(Records contained in a dataset)
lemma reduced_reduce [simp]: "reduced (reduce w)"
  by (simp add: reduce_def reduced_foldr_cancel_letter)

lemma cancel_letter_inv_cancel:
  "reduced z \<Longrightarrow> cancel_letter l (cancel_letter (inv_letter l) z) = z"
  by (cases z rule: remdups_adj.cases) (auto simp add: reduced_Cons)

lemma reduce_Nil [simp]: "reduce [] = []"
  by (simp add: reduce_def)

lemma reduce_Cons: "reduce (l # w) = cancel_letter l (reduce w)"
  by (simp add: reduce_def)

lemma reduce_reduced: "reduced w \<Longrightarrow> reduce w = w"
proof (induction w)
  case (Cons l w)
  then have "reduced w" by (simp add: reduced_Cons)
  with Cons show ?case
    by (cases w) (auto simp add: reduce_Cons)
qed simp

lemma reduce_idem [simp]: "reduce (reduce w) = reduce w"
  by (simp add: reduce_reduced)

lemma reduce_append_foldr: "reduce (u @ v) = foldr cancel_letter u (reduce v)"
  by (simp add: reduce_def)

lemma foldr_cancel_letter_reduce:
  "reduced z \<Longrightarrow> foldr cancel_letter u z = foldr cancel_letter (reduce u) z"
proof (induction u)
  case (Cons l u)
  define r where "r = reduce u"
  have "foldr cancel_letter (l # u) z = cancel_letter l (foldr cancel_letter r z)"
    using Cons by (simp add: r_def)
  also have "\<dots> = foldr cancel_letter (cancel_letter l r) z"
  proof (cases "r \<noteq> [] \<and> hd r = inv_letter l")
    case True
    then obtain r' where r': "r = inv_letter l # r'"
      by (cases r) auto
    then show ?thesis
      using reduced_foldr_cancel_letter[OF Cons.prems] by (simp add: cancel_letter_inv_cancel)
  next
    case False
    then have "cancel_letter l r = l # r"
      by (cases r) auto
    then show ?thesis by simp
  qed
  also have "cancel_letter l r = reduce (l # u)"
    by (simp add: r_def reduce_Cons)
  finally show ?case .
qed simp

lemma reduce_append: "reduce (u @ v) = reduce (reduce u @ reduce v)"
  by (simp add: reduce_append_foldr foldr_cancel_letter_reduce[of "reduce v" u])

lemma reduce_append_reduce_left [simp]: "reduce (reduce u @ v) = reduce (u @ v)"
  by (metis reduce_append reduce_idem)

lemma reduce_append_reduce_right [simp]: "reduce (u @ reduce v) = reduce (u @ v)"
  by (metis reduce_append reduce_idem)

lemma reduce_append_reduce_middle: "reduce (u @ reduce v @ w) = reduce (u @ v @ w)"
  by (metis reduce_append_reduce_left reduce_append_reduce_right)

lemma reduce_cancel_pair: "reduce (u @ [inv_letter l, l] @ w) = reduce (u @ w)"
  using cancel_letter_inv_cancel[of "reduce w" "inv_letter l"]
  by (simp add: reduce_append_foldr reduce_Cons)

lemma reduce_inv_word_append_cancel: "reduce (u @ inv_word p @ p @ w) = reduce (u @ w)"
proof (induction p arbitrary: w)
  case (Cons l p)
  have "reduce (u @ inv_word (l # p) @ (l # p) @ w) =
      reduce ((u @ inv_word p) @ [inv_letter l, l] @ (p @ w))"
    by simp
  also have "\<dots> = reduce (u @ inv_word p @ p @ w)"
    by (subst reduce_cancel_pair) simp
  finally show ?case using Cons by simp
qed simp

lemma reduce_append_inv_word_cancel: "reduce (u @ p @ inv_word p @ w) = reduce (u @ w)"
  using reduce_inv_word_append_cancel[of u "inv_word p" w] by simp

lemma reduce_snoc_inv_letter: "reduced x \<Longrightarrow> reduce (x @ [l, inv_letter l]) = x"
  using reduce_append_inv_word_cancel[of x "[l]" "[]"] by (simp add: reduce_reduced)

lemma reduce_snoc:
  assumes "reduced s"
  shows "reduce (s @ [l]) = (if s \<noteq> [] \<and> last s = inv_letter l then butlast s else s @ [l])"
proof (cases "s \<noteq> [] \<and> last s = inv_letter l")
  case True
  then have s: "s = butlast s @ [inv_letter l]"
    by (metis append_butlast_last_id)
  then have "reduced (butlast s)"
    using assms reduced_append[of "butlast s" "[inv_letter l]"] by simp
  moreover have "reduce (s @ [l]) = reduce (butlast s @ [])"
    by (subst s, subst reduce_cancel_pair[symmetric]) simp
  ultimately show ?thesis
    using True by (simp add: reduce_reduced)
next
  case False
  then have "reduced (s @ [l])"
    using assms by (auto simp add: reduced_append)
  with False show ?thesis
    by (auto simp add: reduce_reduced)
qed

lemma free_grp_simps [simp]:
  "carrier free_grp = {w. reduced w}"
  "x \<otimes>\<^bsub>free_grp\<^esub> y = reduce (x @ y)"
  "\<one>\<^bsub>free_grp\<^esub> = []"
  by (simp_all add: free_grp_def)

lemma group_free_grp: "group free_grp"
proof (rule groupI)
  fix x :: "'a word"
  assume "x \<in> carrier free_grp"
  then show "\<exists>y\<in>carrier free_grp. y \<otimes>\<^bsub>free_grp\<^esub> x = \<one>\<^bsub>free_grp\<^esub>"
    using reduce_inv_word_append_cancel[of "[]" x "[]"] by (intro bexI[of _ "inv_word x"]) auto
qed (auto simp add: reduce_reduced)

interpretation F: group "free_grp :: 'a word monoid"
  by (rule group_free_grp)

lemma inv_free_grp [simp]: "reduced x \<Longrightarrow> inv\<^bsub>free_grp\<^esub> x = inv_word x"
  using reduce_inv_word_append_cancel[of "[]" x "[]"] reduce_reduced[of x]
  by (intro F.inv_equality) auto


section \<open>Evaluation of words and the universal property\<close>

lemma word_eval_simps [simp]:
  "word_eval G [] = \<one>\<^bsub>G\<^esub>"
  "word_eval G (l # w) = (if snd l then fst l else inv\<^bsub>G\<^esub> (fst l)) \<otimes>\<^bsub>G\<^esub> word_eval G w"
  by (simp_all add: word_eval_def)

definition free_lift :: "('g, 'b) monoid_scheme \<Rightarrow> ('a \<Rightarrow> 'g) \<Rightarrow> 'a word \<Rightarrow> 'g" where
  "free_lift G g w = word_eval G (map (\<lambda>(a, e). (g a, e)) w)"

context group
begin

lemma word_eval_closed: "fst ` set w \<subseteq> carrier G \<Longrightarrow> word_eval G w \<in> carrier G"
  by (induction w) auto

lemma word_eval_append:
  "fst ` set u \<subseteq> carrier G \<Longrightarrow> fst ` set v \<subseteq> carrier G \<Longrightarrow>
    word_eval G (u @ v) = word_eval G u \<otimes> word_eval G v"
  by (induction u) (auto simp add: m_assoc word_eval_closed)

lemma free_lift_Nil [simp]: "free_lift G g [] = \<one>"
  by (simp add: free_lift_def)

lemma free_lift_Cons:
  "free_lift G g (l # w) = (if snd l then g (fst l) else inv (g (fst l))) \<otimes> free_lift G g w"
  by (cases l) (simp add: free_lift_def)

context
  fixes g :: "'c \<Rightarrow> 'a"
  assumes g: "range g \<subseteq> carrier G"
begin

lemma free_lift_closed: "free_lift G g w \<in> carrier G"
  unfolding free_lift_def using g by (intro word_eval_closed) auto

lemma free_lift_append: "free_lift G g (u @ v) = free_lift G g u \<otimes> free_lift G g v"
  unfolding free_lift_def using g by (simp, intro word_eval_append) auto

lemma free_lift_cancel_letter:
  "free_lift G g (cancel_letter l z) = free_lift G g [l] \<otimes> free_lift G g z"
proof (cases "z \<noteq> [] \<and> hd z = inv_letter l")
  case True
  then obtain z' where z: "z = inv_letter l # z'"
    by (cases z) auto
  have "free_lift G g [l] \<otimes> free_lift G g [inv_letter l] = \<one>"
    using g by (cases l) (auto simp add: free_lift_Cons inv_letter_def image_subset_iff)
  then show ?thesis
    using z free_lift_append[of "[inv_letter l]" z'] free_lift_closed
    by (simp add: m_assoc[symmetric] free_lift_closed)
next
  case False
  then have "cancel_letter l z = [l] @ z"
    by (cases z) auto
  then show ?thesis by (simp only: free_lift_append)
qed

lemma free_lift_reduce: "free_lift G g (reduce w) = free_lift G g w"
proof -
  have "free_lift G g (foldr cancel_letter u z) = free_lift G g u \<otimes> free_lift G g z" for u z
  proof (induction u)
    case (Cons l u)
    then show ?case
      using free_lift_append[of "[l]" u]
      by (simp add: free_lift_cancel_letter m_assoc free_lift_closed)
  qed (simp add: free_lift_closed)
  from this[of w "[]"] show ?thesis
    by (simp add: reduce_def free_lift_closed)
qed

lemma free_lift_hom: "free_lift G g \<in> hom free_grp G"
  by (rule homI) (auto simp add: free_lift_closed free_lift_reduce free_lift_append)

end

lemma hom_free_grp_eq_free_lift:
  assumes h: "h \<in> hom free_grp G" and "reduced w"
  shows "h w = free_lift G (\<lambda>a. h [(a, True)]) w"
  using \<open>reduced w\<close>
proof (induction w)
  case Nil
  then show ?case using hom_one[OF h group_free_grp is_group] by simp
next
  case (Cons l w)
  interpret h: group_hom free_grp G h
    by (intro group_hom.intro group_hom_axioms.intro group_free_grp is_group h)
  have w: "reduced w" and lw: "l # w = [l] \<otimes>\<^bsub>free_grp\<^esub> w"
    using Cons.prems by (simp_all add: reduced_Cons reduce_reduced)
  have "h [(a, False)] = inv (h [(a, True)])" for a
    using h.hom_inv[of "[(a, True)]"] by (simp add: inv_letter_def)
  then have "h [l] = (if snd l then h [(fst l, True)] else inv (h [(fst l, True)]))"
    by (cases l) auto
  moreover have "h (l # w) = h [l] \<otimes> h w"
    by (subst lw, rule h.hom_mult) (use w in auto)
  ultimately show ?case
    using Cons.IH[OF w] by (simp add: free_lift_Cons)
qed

==

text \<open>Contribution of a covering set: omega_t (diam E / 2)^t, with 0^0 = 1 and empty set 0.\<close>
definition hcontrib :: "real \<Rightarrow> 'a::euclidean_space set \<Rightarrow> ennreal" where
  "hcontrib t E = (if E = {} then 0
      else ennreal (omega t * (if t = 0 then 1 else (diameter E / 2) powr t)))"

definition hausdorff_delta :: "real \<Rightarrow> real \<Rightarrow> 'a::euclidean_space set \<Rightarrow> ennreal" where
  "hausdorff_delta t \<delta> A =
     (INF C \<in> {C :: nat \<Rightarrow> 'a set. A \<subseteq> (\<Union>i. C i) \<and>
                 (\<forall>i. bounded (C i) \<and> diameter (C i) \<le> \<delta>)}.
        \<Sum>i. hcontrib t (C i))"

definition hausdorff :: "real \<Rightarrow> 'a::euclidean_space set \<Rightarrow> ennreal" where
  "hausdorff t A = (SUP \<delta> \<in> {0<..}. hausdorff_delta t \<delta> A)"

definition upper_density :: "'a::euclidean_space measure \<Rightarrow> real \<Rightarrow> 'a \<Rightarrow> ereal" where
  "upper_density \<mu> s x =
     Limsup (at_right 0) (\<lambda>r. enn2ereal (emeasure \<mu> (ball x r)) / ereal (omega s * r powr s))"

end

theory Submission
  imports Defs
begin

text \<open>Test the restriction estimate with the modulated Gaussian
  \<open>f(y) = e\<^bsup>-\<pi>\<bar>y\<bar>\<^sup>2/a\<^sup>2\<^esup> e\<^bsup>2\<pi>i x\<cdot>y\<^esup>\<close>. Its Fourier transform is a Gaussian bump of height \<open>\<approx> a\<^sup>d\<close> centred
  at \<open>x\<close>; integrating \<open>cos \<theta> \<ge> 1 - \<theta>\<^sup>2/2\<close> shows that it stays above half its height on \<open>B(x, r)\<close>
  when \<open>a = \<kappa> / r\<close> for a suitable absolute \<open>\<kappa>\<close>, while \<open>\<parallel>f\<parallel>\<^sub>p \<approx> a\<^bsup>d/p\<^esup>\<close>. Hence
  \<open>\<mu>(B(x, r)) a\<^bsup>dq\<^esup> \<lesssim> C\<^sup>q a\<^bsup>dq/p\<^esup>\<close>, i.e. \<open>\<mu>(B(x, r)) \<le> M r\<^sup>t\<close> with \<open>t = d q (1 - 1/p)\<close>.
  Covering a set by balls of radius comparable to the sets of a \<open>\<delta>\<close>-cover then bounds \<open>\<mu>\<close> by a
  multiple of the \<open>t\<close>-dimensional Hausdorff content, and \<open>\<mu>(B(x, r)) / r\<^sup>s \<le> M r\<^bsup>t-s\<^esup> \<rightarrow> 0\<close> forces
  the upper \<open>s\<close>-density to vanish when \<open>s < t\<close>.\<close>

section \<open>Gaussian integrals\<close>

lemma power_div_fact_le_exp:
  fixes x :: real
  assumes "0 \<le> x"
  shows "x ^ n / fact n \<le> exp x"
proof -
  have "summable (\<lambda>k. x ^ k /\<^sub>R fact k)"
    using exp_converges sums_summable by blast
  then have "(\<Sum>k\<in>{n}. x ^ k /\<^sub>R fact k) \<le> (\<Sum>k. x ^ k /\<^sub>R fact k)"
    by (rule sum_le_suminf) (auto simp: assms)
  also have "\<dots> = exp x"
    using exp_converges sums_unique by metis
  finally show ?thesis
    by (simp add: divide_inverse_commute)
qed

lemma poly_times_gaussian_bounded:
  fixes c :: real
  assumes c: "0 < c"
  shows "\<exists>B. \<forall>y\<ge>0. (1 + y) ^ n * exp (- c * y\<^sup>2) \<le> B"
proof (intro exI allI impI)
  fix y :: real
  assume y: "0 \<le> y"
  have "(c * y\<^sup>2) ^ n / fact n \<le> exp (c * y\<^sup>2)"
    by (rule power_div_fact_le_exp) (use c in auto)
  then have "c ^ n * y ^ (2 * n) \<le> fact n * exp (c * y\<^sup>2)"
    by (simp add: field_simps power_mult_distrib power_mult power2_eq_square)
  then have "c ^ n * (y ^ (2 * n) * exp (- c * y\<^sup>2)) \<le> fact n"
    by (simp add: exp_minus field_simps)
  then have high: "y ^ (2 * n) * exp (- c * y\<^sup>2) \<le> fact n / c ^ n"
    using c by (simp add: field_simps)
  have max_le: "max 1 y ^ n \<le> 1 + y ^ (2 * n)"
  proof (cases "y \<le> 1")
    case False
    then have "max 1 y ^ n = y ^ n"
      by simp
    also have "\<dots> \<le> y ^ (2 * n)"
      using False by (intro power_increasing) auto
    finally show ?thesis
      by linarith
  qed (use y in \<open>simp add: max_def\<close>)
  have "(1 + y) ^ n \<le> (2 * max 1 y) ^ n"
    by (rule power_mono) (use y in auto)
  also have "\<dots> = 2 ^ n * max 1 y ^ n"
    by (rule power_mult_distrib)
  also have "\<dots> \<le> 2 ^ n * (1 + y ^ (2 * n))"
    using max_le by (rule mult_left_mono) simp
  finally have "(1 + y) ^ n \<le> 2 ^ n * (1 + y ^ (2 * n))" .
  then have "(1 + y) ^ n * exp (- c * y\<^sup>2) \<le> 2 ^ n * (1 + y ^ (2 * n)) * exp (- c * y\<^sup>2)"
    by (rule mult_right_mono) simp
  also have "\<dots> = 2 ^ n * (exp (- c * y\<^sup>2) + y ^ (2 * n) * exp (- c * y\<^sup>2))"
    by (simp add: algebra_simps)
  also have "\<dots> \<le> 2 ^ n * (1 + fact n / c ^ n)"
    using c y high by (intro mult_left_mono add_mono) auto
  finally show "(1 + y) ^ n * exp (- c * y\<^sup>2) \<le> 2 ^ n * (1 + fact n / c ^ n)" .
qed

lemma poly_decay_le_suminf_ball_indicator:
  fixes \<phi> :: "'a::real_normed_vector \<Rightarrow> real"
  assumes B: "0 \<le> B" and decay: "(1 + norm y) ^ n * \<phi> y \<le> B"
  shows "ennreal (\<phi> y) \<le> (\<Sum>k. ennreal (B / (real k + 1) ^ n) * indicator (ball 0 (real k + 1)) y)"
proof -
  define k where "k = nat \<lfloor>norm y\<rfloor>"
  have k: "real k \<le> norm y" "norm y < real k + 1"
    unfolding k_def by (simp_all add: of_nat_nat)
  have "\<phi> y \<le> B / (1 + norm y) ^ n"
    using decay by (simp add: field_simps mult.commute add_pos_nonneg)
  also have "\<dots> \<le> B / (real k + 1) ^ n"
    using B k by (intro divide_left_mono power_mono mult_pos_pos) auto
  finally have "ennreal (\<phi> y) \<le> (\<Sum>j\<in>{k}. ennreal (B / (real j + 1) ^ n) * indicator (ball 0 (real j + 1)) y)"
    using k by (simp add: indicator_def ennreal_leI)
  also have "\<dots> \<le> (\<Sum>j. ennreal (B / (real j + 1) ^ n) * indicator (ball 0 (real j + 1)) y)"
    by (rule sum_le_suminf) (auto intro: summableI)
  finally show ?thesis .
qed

--

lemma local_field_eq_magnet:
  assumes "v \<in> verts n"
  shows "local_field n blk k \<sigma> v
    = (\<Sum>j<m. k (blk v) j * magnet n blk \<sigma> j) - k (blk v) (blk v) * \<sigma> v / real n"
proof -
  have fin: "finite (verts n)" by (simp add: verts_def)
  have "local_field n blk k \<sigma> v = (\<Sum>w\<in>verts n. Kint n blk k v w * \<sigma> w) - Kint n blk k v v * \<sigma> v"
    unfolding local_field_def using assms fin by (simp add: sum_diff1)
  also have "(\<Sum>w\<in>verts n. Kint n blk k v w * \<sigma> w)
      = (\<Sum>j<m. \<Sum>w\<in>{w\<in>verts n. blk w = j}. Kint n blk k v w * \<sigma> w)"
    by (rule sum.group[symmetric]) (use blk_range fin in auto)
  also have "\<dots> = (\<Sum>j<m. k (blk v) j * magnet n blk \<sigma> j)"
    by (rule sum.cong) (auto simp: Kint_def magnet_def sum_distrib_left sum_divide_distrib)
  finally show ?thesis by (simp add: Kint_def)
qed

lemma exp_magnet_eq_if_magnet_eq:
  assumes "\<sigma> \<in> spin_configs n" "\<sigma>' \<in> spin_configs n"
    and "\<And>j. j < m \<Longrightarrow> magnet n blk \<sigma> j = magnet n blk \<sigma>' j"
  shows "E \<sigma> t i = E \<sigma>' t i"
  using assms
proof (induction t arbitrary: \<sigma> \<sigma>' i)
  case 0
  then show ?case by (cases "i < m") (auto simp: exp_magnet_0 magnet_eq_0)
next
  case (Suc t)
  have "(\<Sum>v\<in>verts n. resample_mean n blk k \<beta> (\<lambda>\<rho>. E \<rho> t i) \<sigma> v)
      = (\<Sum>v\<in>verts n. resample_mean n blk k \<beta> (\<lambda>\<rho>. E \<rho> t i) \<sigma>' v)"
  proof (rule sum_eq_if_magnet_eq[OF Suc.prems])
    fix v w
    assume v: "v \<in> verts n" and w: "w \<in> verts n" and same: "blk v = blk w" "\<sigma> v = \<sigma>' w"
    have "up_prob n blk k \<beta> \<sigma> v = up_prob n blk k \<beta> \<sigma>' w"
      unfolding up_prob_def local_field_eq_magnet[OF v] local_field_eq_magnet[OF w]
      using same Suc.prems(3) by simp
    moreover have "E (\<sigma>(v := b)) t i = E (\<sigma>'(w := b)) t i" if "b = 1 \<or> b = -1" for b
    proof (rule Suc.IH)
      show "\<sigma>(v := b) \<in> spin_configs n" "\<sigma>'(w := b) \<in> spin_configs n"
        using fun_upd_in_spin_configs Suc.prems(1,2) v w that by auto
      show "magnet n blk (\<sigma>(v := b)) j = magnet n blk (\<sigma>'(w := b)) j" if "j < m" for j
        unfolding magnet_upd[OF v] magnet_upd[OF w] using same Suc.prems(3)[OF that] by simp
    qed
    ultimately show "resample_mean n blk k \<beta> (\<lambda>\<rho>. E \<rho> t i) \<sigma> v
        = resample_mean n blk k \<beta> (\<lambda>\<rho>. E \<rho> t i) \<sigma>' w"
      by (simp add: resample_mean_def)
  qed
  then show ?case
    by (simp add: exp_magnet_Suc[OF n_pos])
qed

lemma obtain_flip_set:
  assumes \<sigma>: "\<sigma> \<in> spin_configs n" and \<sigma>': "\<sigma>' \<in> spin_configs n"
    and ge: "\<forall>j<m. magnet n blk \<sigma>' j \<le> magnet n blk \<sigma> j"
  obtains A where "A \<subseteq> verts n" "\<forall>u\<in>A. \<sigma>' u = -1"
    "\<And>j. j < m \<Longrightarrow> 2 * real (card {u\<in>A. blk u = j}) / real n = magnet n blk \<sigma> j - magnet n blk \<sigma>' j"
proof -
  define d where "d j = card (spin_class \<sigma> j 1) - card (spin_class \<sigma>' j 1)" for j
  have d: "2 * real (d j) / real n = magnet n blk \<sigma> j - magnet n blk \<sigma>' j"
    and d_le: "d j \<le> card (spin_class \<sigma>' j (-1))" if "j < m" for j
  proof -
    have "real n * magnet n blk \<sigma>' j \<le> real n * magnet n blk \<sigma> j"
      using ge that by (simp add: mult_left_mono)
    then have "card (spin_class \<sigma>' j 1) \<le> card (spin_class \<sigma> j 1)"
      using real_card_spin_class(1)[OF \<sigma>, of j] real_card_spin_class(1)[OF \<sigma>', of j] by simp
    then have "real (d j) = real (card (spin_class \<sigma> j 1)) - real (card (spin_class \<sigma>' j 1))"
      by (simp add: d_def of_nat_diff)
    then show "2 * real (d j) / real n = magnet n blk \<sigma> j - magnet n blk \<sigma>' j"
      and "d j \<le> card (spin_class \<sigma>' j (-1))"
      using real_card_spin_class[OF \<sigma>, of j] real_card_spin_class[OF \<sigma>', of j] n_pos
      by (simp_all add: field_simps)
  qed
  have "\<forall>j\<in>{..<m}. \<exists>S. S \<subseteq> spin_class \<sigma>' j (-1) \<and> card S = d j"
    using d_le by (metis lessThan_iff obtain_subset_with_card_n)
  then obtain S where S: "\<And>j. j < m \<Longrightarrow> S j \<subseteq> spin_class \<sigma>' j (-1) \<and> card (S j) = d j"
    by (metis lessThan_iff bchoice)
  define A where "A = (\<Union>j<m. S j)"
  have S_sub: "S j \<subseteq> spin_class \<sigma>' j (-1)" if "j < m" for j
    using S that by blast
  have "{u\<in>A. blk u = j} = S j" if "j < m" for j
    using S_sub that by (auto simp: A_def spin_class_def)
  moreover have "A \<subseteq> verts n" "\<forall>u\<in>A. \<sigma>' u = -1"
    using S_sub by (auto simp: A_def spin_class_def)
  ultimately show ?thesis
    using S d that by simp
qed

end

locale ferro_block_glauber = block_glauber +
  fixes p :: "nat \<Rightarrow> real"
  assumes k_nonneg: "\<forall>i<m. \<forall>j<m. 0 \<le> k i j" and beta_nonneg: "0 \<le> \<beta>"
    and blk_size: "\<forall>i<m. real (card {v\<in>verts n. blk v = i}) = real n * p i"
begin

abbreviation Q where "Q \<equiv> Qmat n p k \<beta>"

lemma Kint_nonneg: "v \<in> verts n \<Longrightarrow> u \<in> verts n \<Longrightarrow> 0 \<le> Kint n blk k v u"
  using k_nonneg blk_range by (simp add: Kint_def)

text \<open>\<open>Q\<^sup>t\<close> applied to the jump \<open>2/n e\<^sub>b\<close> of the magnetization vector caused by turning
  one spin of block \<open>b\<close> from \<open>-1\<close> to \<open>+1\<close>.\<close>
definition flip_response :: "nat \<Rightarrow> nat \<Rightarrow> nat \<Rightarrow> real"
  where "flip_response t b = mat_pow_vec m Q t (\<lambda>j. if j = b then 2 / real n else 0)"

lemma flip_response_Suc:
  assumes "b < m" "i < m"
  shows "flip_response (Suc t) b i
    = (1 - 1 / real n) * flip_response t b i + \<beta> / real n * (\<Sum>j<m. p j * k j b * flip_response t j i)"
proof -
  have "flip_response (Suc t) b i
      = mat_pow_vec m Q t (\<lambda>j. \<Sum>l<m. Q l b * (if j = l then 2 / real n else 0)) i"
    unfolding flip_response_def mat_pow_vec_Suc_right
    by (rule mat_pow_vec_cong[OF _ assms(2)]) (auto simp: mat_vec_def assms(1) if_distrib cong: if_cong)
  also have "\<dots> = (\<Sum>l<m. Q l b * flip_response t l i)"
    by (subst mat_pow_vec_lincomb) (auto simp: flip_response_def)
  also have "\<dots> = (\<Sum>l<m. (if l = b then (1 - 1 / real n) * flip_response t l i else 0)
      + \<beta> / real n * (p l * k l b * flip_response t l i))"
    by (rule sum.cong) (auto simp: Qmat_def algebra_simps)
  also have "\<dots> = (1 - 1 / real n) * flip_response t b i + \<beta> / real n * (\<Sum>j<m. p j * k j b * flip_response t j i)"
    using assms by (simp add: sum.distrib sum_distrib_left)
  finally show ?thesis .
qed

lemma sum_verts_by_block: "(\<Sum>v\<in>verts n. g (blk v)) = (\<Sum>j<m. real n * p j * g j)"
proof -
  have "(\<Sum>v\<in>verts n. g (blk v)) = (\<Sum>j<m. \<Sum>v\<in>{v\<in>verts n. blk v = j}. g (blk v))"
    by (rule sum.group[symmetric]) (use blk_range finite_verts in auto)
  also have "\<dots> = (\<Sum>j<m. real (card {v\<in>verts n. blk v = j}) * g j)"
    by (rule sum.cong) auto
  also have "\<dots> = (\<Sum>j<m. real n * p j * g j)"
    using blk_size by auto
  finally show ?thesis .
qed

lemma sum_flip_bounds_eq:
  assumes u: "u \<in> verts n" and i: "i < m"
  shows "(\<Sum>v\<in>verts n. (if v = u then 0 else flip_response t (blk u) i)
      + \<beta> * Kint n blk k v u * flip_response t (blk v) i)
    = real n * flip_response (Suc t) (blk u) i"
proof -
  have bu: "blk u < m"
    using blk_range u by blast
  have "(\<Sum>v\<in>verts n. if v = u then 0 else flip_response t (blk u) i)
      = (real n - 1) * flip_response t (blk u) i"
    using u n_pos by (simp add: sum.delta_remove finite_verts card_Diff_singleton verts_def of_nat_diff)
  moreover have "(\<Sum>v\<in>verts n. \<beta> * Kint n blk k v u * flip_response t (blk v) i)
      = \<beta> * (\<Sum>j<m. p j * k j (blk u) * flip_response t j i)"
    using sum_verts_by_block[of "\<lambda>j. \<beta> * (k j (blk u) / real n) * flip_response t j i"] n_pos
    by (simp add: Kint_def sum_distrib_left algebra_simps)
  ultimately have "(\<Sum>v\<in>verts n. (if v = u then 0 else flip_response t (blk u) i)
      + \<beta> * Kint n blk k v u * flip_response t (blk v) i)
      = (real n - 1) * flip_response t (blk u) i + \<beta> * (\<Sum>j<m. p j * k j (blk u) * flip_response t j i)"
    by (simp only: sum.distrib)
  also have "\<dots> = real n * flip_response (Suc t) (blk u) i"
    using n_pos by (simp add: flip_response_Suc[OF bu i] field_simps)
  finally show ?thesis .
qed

INSTRUCTIONS TO FOLLOW
Would you copy out each line of the records above where the word "fixes" occurs?

RESPONSE AREA
  fixes g :: "'c \<Rightarrow> 'a"
  fixes x :: real
  fixes c :: real
  fixes \<phi> :: "'a::real_normed_vector \<Rightarrow> real"
  fixes p :: "nat \<Rightarrow> real"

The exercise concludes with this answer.